I felt like I had been broken up with. Several people in leadership told us "you didn't do anything wrong. It's not your fault" as they delivered the same canned speeches to us. But that's the break-up equivalent speech to "it's not you, it's me" and it still is hurtful and a shock. Many of my co-workers and including myself saw ourselves staying here and never working anywhere else.
I will tell you I didn’t think I would ever want to put on that #BPTW tee again. I didn’t want to even get up and get out of bed and go into work. But I didn’t want to give in either. As the days have passed, we have gotten more information as to what will happen to us. We have been given more resources than I could even imagine. I am trying to have a #gratitudeattitude for what I have been given and the experience that I have learned even in this past year. Our company has taken care of us the best they can. We have been given time to search and transition into a new position, severance if we do not find something and numerous job fairs to attend as well as coaching, etc. There are so many opportunities for us to apply ourselves and make ourselves even better than we already are.

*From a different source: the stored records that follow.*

section \<open>\<open>Z\<^sub>1\<^sub>+\<close> as a \<open>G\<^sub>0\<close>-orbit\<close>

lemma mat_exp_M0d_apply:
  assumes d: "d \<ge> 1" and L: "mat_on d L"
  shows "mat_app d (cmat L) (mat_app d (mat_exp d (\<lambda>i j. \<i> * complex_of_real t * cmat (M0d d) i j)) (evec d))
    = (\<lambda>i. Complex (cosh t * L i d) (sinh t * L i 0))"
proof -
  interpret orthonormal_pair d "evec 0" "evec d"
    by (rule orthonormal_pair_evec[OF d])
  have evec_complex: "(evec d :: nat \<Rightarrow> complex) = cvec (evec d)"
    by (auto simp: cvec_def evec_def)
  have inner: "mat_app d (mat_exp d (\<lambda>i j. \<i> * complex_of_real t * cmat (M0d d) i j)) (evec d)
      = (\<lambda>j. of_real (cosh t) * cvec (evec d) j + (\<i> * of_real (sinh t)) * cvec (evec 0) j)"
    unfolding evec_complex M0d_def mat_exp_wedge_apply[OF vec_on_b] cos_sin_i_times_of_real form_ab form_bb
    by (simp add: fun_eq_iff cvec_def algebra_simps)
  show ?thesis
    unfolding inner mat_app_lincomb mat_app_cmat_cvec mat_app_evec[OF L le0] mat_app_evec[OF L order_refl]
    by (simp add: fun_eq_iff cvec_def complex_eq_iff)
qed

lemma Complex_columns_in_Z1plus_explicit:
  assumes L: "L \<in> G0 d" and d: "d \<ge> 1" and t: "t > 0"
  shows "(\<lambda>i. Complex (cosh t * L i d) (sinh t * L i 0)) \<in> Z1plus_explicit d" (is "?z \<in> _")
proof -
  interpret orthonormal_pair d "\<lambda>i. L i 0" "\<lambda>i. L i d"
    using orthonormal_pair_columns[OF _ d] L G0_subset_Ogroup by blast
  have "cosh t * cosh t - sinh t * sinh t = 1"
    using cosh_square_eq[of t] by (simp add: power2_eq_square)
  then have "form d (\<lambda>i. Re (?z i)) (\<lambda>i. Re (?z i)) - form d (\<lambda>i. Im (?z i)) (\<lambda>i. Im (?z i)) = 1"
    by (simp add: form_linear form_aa form_bb)
  moreover have "form d (\<lambda>i. Re (?z i)) (\<lambda>i. Im (?z i)) = 0"
    by (simp add: form_linear form_ba)
  moreover have "form d (\<lambda>i. Im (?z i)) (\<lambda>i. Im (?z i)) > 0"
    using t by (simp add: form_linear form_aa)
  moreover have "sinh t * cosh t * (L 0 0 * L d d - L d 0 * L 0 d) > 0"
    using t minor_0d_pos_G0[OF L d] by simp
  moreover have "vec_on d ?z"
    using vec_on_a vec_on_b by (simp add: vec_on_def complex_eq_iff)
  ultimately show ?thesis
    unfolding Z1plus_explicit_def by (simp add: algebra_simps)
qed

definition G0_orbit :: "nat \<Rightarrow> (nat \<Rightarrow> complex) set" where
  "G0_orbit d = {mat_app d (cmat \<Lambda>) (mat_app d (mat_exp d (\<lambda>i j. \<i> * complex_of_real t * cmat (M0d d) i j)) (evec d))
      | \<Lambda> t. \<Lambda> \<in> G0 d \<and> t > 0}"

lemma G0_orbit_eq_Z1plus_explicit:
  assumes d: "d \<ge> 1"
  shows "G0_orbit d = Z1plus_explicit d"
proof (intro subset_antisym subsetI)
  fix z
  assume "z \<in> G0_orbit d"
  then obtain L t where "L \<in> G0 d" "t > 0"
    and "z = mat_app d (cmat L) (mat_app d (mat_exp d (\<lambda>i j. \<i> * complex_of_real t * cmat (M0d d) i j)) (evec d))"
    unfolding G0_orbit_def by blast
  then show "z \<in> Z1plus_explicit d"
    using Complex_columns_in_Z1plus_explicit d mat_exp_M0d_apply mat_on_G0 by simp
next
  fix z
  assume "z \<in> Z1plus_explicit d"
  then obtain u v T where uv: "orthonormal_pair d u v" and minor: "v 0 * u d - u 0 * v d > 0" and "T > 0"
    and z: "\<And>i. z i = Complex (cosh T * u i) (sinh T * v i)"
    using Z1plus_explicit_polar[OF d] by metis
  obtain L where "L \<in> G0 d" "\<And>i. L i 0 = v i" "\<And>i. L i d = u i"
    using orthonormal_pair.G0_with_columns[OF orthonormal_pair.swap[OF uv]] minor
    by (metis mult.commute)
  with \<open>T > 0\<close> show "z \<in> G0_orbit d"
    unfolding G0_orbit_def
    by (auto simp: mat_exp_M0d_apply[OF d mat_on_G0] z fun_eq_iff intro!: exI[of _ L] exI[of _ T])
qed

lemma Z1plus_explicit_ratio:
  assumes "z \<in> Z1plus_explicit d"
  shows "z 0 \<noteq> 0 \<and> z d \<noteq> 0 \<and> Im (z 0 / z d) > 0"
proof -
  have minor: "Im (z 0) * Re (z d) - Re (z 0) * Im (z d) > 0"
    using assms unfolding Z1plus_explicit_def by blast
  then have "z 0 \<noteq> 0" "z d \<noteq> 0"
    by auto
  moreover have "Im (z 0 / z d) = (Im (z 0) * Re (z d) - Re (z 0) * Im (z d)) / (cmod (z d))\<^sup>2"
    by (simp add: Im_divide cmod_power2 algebra_simps)
  ultimately show ?thesis
    using minor by simp
qed

theorem lemma4:
  fixes d :: nat
  assumes "d \<ge> 2"
  shows "(Z1plus d = {z. vec_on d z \<and>
            form d (\<lambda>i. Re (z i)) (\<lambda>i. Re (z i)) - form d (\<lambda>i. Im (z i)) (\<lambda>i. Im (z i)) = 1 \<and>
            form d (\<lambda>i. Re (z i)) (\<lambda>i. Im (z i)) = 0 \<and>
            form d (\<lambda>i. Im (z i)) (\<lambda>i. Im (z i)) > 0 \<and>
            Im (z 0) * Re (z d) - Re (z 0) * Im (z d) > 0}) \<and>
    (Z1plus d = {mat_app d (cmat \<Lambda>)
                       (mat_app d (mat_exp d (\<lambda>i j. \<i> * complex_of_real t * cmat (M0d d) i j)) (evec d))
                     | \<Lambda> t. \<Lambda> \<in> G0 d \<and> t > 0}) \<and>
    (\<forall>z\<in>Z1plus d. z 0 \<noteq> 0 \<and> z d \<noteq> 0 \<and> Im (z 0 / z d) > 0)"
proof -
  have d: "d \<ge> 1"
    using assms by simp
  have explicit: "Z1plus d = Z1plus_explicit d"
    using Z1plus_subset_explicit[OF d] Z1plus_explicit_subset[OF d] by blast
  show ?thesis
    using G0_orbit_eq_Z1plus_explicit[OF d] Z1plus_explicit_ratio
    unfolding explicit G0_orbit_def by (simp add: Z1plus_explicit_def)
qed

end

I remember losing my job a couple of years ago. I had nothing. I remember feeling broken and bruised and felt like giving up. I felt like I had no clue as to what I was doing as I was having struggles in both my personal and professional life at that time. I lost all my confidence. I cried every day-many times a day sometimes. I hurt so bad but I did take comfort in knowing I was going through this tragedy for some purpose. He never gives us more than we can handle.

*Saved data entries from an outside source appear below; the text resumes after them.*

definition is_ivp_sol :: "real \<Rightarrow> complex \<Rightarrow> complex \<Rightarrow> complex \<Rightarrow> complex \<Rightarrow> (nat \<Rightarrow> complex) \<Rightarrow> bool" where
  "is_ivp_sol \<alpha> a1 a0 x0 x01 c \<longleftrightarrow>
     is_sol \<alpha> a1 a0 c \<and> ps_eval c 0 = x0 \<and> ps_eval (LD \<alpha> c) 0 = x01"

definition sol_space :: "real \<Rightarrow> complex \<Rightarrow> complex \<Rightarrow> (real \<Rightarrow> complex) set" where
  "sol_space \<alpha> a1 a0 = {x. \<exists>c. is_sol \<alpha> a1 a0 c \<and> (\<forall>t. 0 \<le> t \<longrightarrow> x t = ps_eval c t)}"

definition is_basis2 :: "(real \<Rightarrow> complex) set \<Rightarrow> (real \<Rightarrow> complex) \<Rightarrow> (real \<Rightarrow> complex) \<Rightarrow> bool" where
  "is_basis2 S f g \<longleftrightarrow> f \<in> S \<and> g \<in> S \<and>
     (\<forall>u v::complex. (\<forall>t::real. 0 \<le> t \<longrightarrow> u * f t + v * g t = 0) \<longrightarrow> u = 0 \<and> v = 0) \<and>
     (\<forall>x\<in>S. \<exists>u v::complex. \<forall>t::real. 0 \<le> t \<longrightarrow> x t = u * f t + v * g t)"

end

theory Submission
  imports Defs "HOL-Complex_Analysis.Cauchy_Integral_Formula"
begin

(*
  Write a power series solution as x(t) = (SUM n. e_n * d_n * t^n), where e_n are the Taylor
  coefficients of E_alpha. The Gamma factors in LD^alpha are exactly e_n / e_(n+1), so LD^alpha
  acts on d as the shift n |-> n + 1, and by the identity theorem for power series the equation
  becomes the recurrence d_(n+2) + a1 * d_(n+1) + a0 * d_n = 0, whose characteristic polynomial is
  lambda^2 + a1 * lambda + a0. Its solutions are determined by d_0 = x(0) and d_1 = LD^alpha x(0)
  and are spanned by lambda1^n, lambda2^n (resp. lambda^n, n * lambda^(n-1) for a double root);
  the corresponding series are E_alpha(lambda_i t) (resp. E_alpha(lambda t), t E_alpha'(lambda t)).
  All series converge everywhere: solutions of the recurrence grow at most exponentially, while
  Wendel's inequality gives e_(n+1) / e_n <= (n+1)^(-alpha) / Gamma(2 - alpha), which tends to 0.
*)

definition Ealpha_coeff :: "real \<Rightarrow> nat \<Rightarrow> real" where
  "Ealpha_coeff \<alpha> n =
     inverse (Gamma (2 - \<alpha>) ^ n * (\<Prod>j=1..n. Gamma (real j + 1) / Gamma (real j + 1 - \<alpha>)))"

lemma Ealpha_coeff_pos: "\<alpha> < 1 \<Longrightarrow> 0 < Ealpha_coeff \<alpha> n"
  unfolding Ealpha_coeff_def
  by (intro positive_imp_inverse_positive mult_pos_pos zero_less_power prod_pos)
     (auto intro!: divide_pos_pos)

lemma Ealpha_coeff_neq_0: "\<alpha> < 1 \<Longrightarrow> Ealpha_coeff \<alpha> n \<noteq> 0"
  using Ealpha_coeff_pos less_irrefl by metis

lemma Ealpha_coeff_0 [simp]: "Ealpha_coeff \<alpha> 0 = 1"
  by (simp add: Ealpha_coeff_def)

lemma Ealpha_coeff_Suc:
  "Ealpha_coeff \<alpha> (Suc n) =
     Ealpha_coeff \<alpha> n * (Gamma (real n + 2 - \<alpha>) / (Gamma (2 - \<alpha>) * Gamma (real n + 2)))"
  by (simp add: Ealpha_coeff_def prod.nat_ivl_Suc' divide_inverse mult_ac add_ac)

lemma Ealpha_eq_powser: "Ealpha \<alpha> s = (\<Sum>n. of_real (Ealpha_coeff \<alpha> n) * s ^ n)"
  unfolding Ealpha_def Ealpha_coeff_def by (simp add: divide_inverse mult.commute)

text \<open>Wendel's inequality, from the log-convexity of \<open>Gamma\<close>.\<close>
lemma Gamma_add_le_powr_mult_Gamma:
  fixes x s :: real
  assumes "0 < x" "0 \<le> s" "s \<le> 1"
  shows "Gamma (x + s) \<le> x powr s * Gamma x"
proof -
  have "(ln \<circ> Gamma) ((1 - s) *\<^sub>R x + s *\<^sub>R (x + 1)) \<le> (1 - s) * (ln \<circ> Gamma) x + s * (ln \<circ> Gamma) (x + 1)"
    by (rule convex_onD[OF log_convex_Gamma_real]) (use assms in auto)
  moreover have "ln (Gamma (x + 1)) = ln x + ln (Gamma x)"
  proof -
    have "Gamma (x + 1) = x * Gamma x"
      using assms by (intro Gamma_plus1) auto
    moreover have "0 < Gamma x"
      using assms by (intro Gamma_real_pos) simp
    ultimately show ?thesis
      using assms(1) by (simp add: ln_mult_pos)
  qed
  ultimately have "ln (Gamma (x + s)) \<le> s * ln x + ln (Gamma x)"
    by (simp add: algebra_simps)
  then have "exp (ln (Gamma (x + s))) \<le> exp (s * ln x + ln (Gamma x))"
    by simp
  then show ?thesis
    using assms by (simp add: exp_add powr_def)
qed

lemma Ealpha_coeff_Suc_le:
  assumes "0 \<le> \<alpha>" "\<alpha> < 1"
  shows "Ealpha_coeff \<alpha> (Suc n) \<le> Ealpha_coeff \<alpha> n * ((real n + 1) powr (-\<alpha>) / Gamma (2 - \<alpha>))"
proof -
  have "Gamma (real n + 2 - \<alpha>) \<le> (real n + 1) powr (1 - \<alpha>) * Gamma (real n + 1)"
    using Gamma_add_le_powr_mult_Gamma[of "real n + 1" "1 - \<alpha>"] assms by (simp add: algebra_simps)
  also have "\<dots> = (real n + 1) powr (-\<alpha>) * Gamma (real n + 2)"
  proof -
    have "Gamma (real n + 1 + 1) = (real n + 1) * Gamma (real n + 1)"
      by (intro Gamma_plus1) auto
    then show ?thesis
      by (simp add: powr_diff field_simps add_ac powr_minus)
  qed
  finally have "Gamma (real n + 2 - \<alpha>) \<le> (real n + 1) powr (-\<alpha>) * Gamma (real n + 2)" .
  moreover have "0 < Gamma (2 - \<alpha>)" "0 < Gamma (real n + 2)" "0 < Ealpha_coeff \<alpha> n"
    using assms by (auto intro: Ealpha_coeff_pos)
  ultimately show ?thesis
    by (simp add: Ealpha_coeff_Suc field_simps)
qed

lemma summable_Ealpha_coeff:
  assumes "0 < \<alpha>" "\<alpha> < 1"
  shows "summable (\<lambda>n. Ealpha_coeff \<alpha> n * x ^ n)"
proof -
  have "Gamma (2 - \<alpha>) \<noteq> 0"
    using assms by (auto simp: Gamma_eq_zero_iff)
  have "filterlim (\<lambda>n. real n + 1) at_top sequentially"
    by (subst add.commute) (rule filterlim_tendsto_add_at_top[OF tendsto_const filterlim_real_sequentially])
  then have "((\<lambda>n. (real n + 1) powr (-\<alpha>) / Gamma (2 - \<alpha>) * \<bar>x\<bar>) \<longlongrightarrow> 0 / Gamma (2 - \<alpha>) * \<bar>x\<bar>) sequentially"
    using assms \<open>Gamma (2 - \<alpha>) \<noteq> 0\<close> by (intro tendsto_intros tendsto_neg_powr) auto
  then have "eventually (\<lambda>n. (real n + 1) powr (-\<alpha>) / Gamma (2 - \<alpha>) * \<bar>x\<bar> < 1 / 2) sequentially"
    by (intro order_tendstoD) auto
  then obtain N where N: "\<And>n. N \<le> n \<Longrightarrow> (real n + 1) powr (-\<alpha>) / Gamma (2 - \<alpha>) * \<bar>x\<bar> < 1 / 2"
    by (auto simp: eventually_sequentially)
  show ?thesis
  proof (rule summable_ratio_test[of "1 / 2" N])
    fix n assume "N \<le> n"
    have "0 < Ealpha_coeff \<alpha> (Suc n)"
      using assms by (intro Ealpha_coeff_pos)
    then have "norm (Ealpha_coeff \<alpha> (Suc n) * x ^ Suc n) = Ealpha_coeff \<alpha> (Suc n) * \<bar>x\<bar> * \<bar>x\<bar> ^ n"
      by (simp add: abs_mult power_abs mult_ac)
    also have "\<dots> \<le> Ealpha_coeff \<alpha> n * ((real n + 1) powr (-\<alpha>) / Gamma (2 - \<alpha>)) * \<bar>x\<bar> * \<bar>x\<bar> ^ n"
      using assms by (intro mult_right_mono Ealpha_coeff_Suc_le) auto
    also have "\<dots> = Ealpha_coeff \<alpha> n * ((real n + 1) powr (-\<alpha>) / Gamma (2 - \<alpha>) * \<bar>x\<bar>) * \<bar>x\<bar> ^ n"
      by (simp add: mult.assoc)
    also have "\<dots> \<le> Ealpha_coeff \<alpha> n * (1 / 2) * \<bar>x\<bar> ^ n"
      using N[OF \<open>N \<le> n\<close>] Ealpha_coeff_pos[of \<alpha> n] assms
      by (intro mult_right_mono mult_left_mono) auto
    also have "\<dots> = 1 / 2 * norm (Ealpha_coeff \<alpha> n * x ^ n)"
      using Ealpha_coeff_pos[of \<alpha> n] assms by (simp add: abs_mult power_abs)
    finally show "norm (Ealpha_coeff \<alpha> (Suc n) * x ^ Suc n) \<le> 1 / 2 * norm (Ealpha_coeff \<alpha> n * x ^ n)" .
  qed simp
qed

While I sit here and write this, everything is unknown to me. I will be taking advantage of Resume writing classes, LinkedIn branding, job fairs and job searching in the next few weeks. I am confident that this did happen to me for a reason. I am not certain why, but I do hope that I can be a blessing to someone else during this time.
I am reminded of a couple of my favorite Bible verses that help me as I am fearful and anxious: Deuteronomy 31:16 “Be strong and of a good courage, fear not, nor be afraid of them: for the Lord thy God, he it is that doth go with thee; he will not fail thee, nor forsake thee.” We are also told in Matthew 6:34 “Take no thought therefore for the morrow; for the morrow shall take thought for the things of itself. Sufficient unto the day is the evil thereof.” Take no thought about tomorrow. In other words, I need to leave my trust in Him for tomorrow and not worry about it. The last verse that I like is Jeremiah 29:11 “For I know the thoughts that I think toward you, saith the Lord, thoughts of peace, and not of evil, to give you an expected end.” What a beautiful thought to know that He knows our thoughts but He already has our plans laid out for us. We may struggle to get up but He knows He has our back and will ultimately get us to where we need to be. And that my friends, is what I think #blessed really is.

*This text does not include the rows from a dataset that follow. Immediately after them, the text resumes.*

lemma cX_pos: "is_lattice_norm N \<Longrightarrow> 0 < cX N \<alpha>"
  unfolding cX_def using sup_norm_mono_pow_pos by simp

lemma norm_coeff_le_cX_poly_norm:
  assumes N: "is_lattice_norm N" and J: "finite J" "\<alpha> \<in> J"
  shows "cmod (c \<alpha>) \<le> cX N \<alpha> * poly_norm N J c"
proof (cases "c \<alpha> = 0")
  case True
  thus ?thesis using poly_norm_nonneg[OF N] cX_pos[OF N] by (simp add: less_imp_le)
next
  case False
  define S where "S = (SUP z\<in>unit_ball N. cmod (mono_pow z \<alpha>))"
  have "S \<le> poly_norm N J c / cmod (c \<alpha>)"
    unfolding S_def using zero_in_unit_ball[OF N]
  proof (intro cSUP_least)
    fix z assume "z \<in> unit_ball N"
    with norm_coeff_mono_pow_le_poly_norm[OF N J this, of c] False
    show "cmod (mono_pow z \<alpha>) \<le> poly_norm N J c / cmod (c \<alpha>)" by (simp add: field_simps)
  qed blast
  thus ?thesis
    using False sup_norm_mono_pow_pos[OF N, of \<alpha>] unfolding cX_def S_def[symmetric]
    by (simp add: field_simps)
qed

section \<open>Complex-linear extension\<close>

lemma complex_banach_structureD:
  assumes "complex_banach_structure smul"
  shows "smul (complex_of_real r) y = r *\<^sub>R y"
    and "smul (a * b) y = smul a (smul b y)"
    and "smul a (x + y) = smul a x + smul a y"
    and "smul (a + b) y = smul a y + smul b y"
    and "norm (smul a y) = cmod a * norm y"
  using assms unfolding complex_banach_structure_def by blast+

lemma smul_scaleR_commute:
  assumes S: "complex_banach_structure smul"
  shows "smul a (r *\<^sub>R y) = r *\<^sub>R smul a y"
  using complex_banach_structureD(1,2)[OF S] by (metis mult.commute)

lemma smul_ii_ii:
  assumes S: "complex_banach_structure smul"
  shows "smul \<i> (smul \<i> y) = - y"
  using complex_banach_structureD(2)[OF S, of \<i> \<i> y] complex_banach_structureD(1)[OF S, of "-1" y]
  by simp

definition complex_linear_functional :: "(complex \<Rightarrow> 'b::banach \<Rightarrow> 'b) \<Rightarrow> ('b \<Rightarrow> complex) \<Rightarrow> bool" where
  "complex_linear_functional smul \<psi> \<longleftrightarrow>
     (\<forall>x y. \<psi> (x + y) = \<psi> x + \<psi> y) \<and> (\<forall>a y. \<psi> (smul a y) = a * \<psi> y)"

text \<open>The unique complex-linear functional with real part F.\<close>
definition complexify :: "(complex \<Rightarrow> 'b::banach \<Rightarrow> 'b) \<Rightarrow> ('b \<Rightarrow> real) \<Rightarrow> 'b \<Rightarrow> complex" where
  "complexify smul F y = complex_of_real (F y) - \<i> * complex_of_real (F (smul \<i> y))"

So as I am moving in this new direction in my life, I am thrilled with the prospect of a new challenge. I am nervous as anyone can expect but I am grateful for all of the tools and resources I have been given. I am #sorrynotsorry that I feel somewhat confident this time around. I won’t say overly confident, but I will say that I feel like I am in such a better place this time around. I am in the same situation with hundreds or even thousands of other teammates and I wish nothing but the best for all of us as we go through this journey together.
So because this is a fashion blog after all, I am wearing this fun black dress that I actually purchased earlier this year and really didn’t have a chance to wear yet.
Dress- Eloquii (online early this year)
Shoes- Just Fab (online last year)
Purse-Betsey Ross via Nordstrom Rack (recent)
Thank you for reading and following along with me!